________________________________ La Murderes Row

di Giovanni Delneri

E così come stabilito, il Bombus e la cicala si riunirono presso la dimora estiva della formica Regina. Solito pranzo, soliti convenevoli e inizio del racconto dei fatti storici del baseball. Desy la Regina disse rivolgendosi al Bombus: quando ero al College e parlavo con Rufa (la buona formica rossa), forse per farmi desistere di avvicinarmi a questo sport, mi raccontò che verso la metà del 1920, esistevano giocatori di baseball che erano membri della Murderes Row; vorrei sapere di che cosa si trattava e se è vera questa notizia. Certo disse Bombus, ma non bisogna prendere alla lettera il suo significato. La Murderes Row, si riferiva ai primi sei giocatori del line-up degli Yankees nella stagione del 1927. Furono formidabili e spietati a tal punto da essere chiamati “la fila degli assassini”.

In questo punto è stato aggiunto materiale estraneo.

lemma card_high_degree_le_of_subcubic:
  fixes V :: "'a::linorder set"
  assumes sg: "simple_graph V E" and cg: "connected_graph V E" and se: "second_eig V E \<le> 2"
    and RV: "rayleigh_exceeds V E 2" and v: "v \<in> V" and deg3: "\<And>u. u \<in> V \<Longrightarrow> degree V E u \<le> 3"
  shows "card {u\<in>V. degree V E u > 2} \<le> 157"
proof -
  note fin = simple_graphD(1)[OF sg] and sym = simple_graphD(2)[OF sg]
  let ?B = "reach V E {v}" and ?L = "\<lambda>i. card (sphere V E v i)"
  define D where "D = {u\<in>V. degree V E u > 2}"
  have BV: "?B k \<subseteq> V" for k using reach_subset[of "{v}" V E] v by auto
  have Bfin: "finite (?B k)" for k using BV fin by (rule finite_subset)
  have Sfin: "finite (sphere V E v i)" for i unfolding sphere_def using Bfin by (rule finite_Diff)
  txt \<open>Take \<open>M\<close> to be the smallest ball around \<open>v\<close> whose index exceeds \<open>2\<close>.\<close>
  obtain J where "V \<subseteq> ?B J" using reach_covers_finite[OF fin connected_graph_reach[OF cg v]] .
  hence "rayleigh_exceeds (?B J) E 2" using RV BV[of J] by (metis subset_antisym)
  hence ex: "\<exists>k. rayleigh_exceeds (?B k) E 2" ..
  define r where "r = (LEAST k. rayleigh_exceeds (?B k) E 2)"
  have "\<not> rayleigh_exceeds (?B 0) E 2"
    using not_rayleigh_exceeds_singleton[of E v 2] simple_graphD(3)[OF sg] by simp
  hence "r \<noteq> 0" using LeastI_ex[OF ex] unfolding r_def by metis
  then obtain j where rj: "r = Suc j" using not0_implies_Suc by blast
  have RM: "rayleigh_exceeds (?B (Suc j)) E 2" using LeastI_ex[OF ex] rj unfolding r_def by simp
  have not_exceeds: "\<not> rayleigh_exceeds (?B j) E 2"
    using not_less_Least[of j "\<lambda>k. rayleigh_exceeds (?B k) E 2"] rj unfolding r_def by simp
  define M where "M = ?B (Suc j)"
  define A where "A = {u \<in> V - M. \<exists>m\<in>M. E u m}"
  define HA where "HA = {h \<in> V - M - A. \<exists>a\<in>A. E h a}"
  have decomp: "card D \<le> card (D \<inter> M) + card A + 3 * card HA"
    using card_high_degree_le_neighbourhoods[OF sg cg se BV RM] unfolding D_def A_def HA_def M_def .
  have A_sphere: "a \<in> sphere V E v (Suc j)" if "a \<in> A" for a
    using that sym unfolding A_def M_def sphere_def by (auto dest: sympD)
  hence A: "card A \<le> ?L (Suc j)" by (intro card_mono[OF Sfin]) blast
  have "h \<in> sphere V E v (Suc (Suc j))" if hHA: "h \<in> HA" for h
  proof -
    obtain a where h: "h \<in> V" "h \<notin> M" "h \<notin> A" and a: "a \<in> A" "E h a"
      using hHA unfolding HA_def by blast
    have "a \<in> ?B (Suc (Suc j))" using A_sphere[OF a(1)] unfolding sphere_def by blast
    hence "h \<in> ?B (Suc (Suc (Suc j)))" using h(1) sympD[OF sym a(2)]
      by (simp only: reach.simps(2)[of V E "{v}" "Suc (Suc j)"]) blast
    moreover have "h \<notin> ?B (Suc (Suc j))"
      using h sym unfolding A_def M_def by (auto dest: sympD)
    ultimately show ?thesis unfolding sphere_def by blast
  qed
  hence HA: "card HA \<le> ?L (Suc (Suc j))" by (intro card_mono[OF Sfin]) blast
  have double: "?L (Suc i) \<le> 2 * ?L i" for i by (rule card_sphere_Suc_le_double[OF fin sym v deg3])
  have "?L j \<le> 10 \<and> card (D \<inter> M) \<le> 17"
  proof (cases j)
    case 0
    have "?B 1 \<subseteq> insert v (neighbours V E v)" unfolding neighbours_def by auto
    hence "card (?B 1) \<le> card (insert v (neighbours V E v))"
      by (rule card_mono[rotated]) (simp add: finite_neighbours[OF fin])
    also have "\<dots> \<le> Suc (degree V E v)"
      unfolding degree_eq_card_neighbours by (simp add: card_insert_if finite_neighbours[OF fin])
    finally have "card (?B 1) \<le> 4" using deg3[OF v] by simp
    moreover have "card (D \<inter> M) \<le> card (?B 1)" unfolding M_def 0 One_nat_def by (rule card_mono[OF Bfin]) blast
    ultimately have "card (D \<inter> M) \<le> 4" by simp
    moreover have "card (D \<inter> ?B 0) \<le> card {v}" by (rule card_mono) auto
    hence "?L 0 \<le> 4" using card_sphere_le_high_degree[OF fin sym v deg3, of 0] unfolding D_def by simp
    ultimately show ?thesis using 0 by simp
  next
    case (Suc j')
    have inner: "card (D \<inter> ?B j') \<le> 2"
      using card_high_degree_in_ball_le_2[OF fin sym v] not_exceeds unfolding D_def Suc by blast
    hence "?L j' \<le> 5" using card_sphere_le_high_degree[OF fin sym v deg3, of j'] unfolding D_def by simp
    hence Lj: "?L j \<le> 10" using double[of j'] Suc by simp
    have "D \<inter> M \<subseteq> (D \<inter> ?B j') \<union> sphere V E v j' \<union> sphere V E v j"
      unfolding M_def Suc sphere_def by blast
    hence "card (D \<inter> M) \<le> card ((D \<inter> ?B j') \<union> sphere V E v j' \<union> sphere V E v j)"
      by (rule card_mono[rotated]) (simp add: Bfin Sfin)
    also have "\<dots> \<le> card (D \<inter> ?B j') + ?L j' + ?L j"
      by (meson card_Un_le add_le_mono order_trans le_refl)
    finally show ?thesis using Lj inner \<open>?L j' \<le> 5\<close> by simp
  qed
  moreover have "?L (Suc j) \<le> 20" "?L (Suc (Suc j)) \<le> 40"
    using double[of j] double[of "Suc j"] calculation by simp_all
  ultimately show ?thesis using decomp A HA unfolding D_def by linarith
qed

Il lineup di quella squadra era: Earl CombsMark KoenighBabe RuthLou Gehrig, Tony Lazzeri, Bob MeuselJoe Dugan, John Grabowsky, Whait Hoit.

 

La prestazione dei primi sei alla battuta, ammazzava le partite e contro le loro mazze non c’era scampo per i lanciatori e anche in difesa primeggiavano. Formidabili disse la formica Regina, bei tempi per gli Yankees, ma mi risulta, disse Desy, che altri giocatori erano nominati come Pitcher assassini, e perché?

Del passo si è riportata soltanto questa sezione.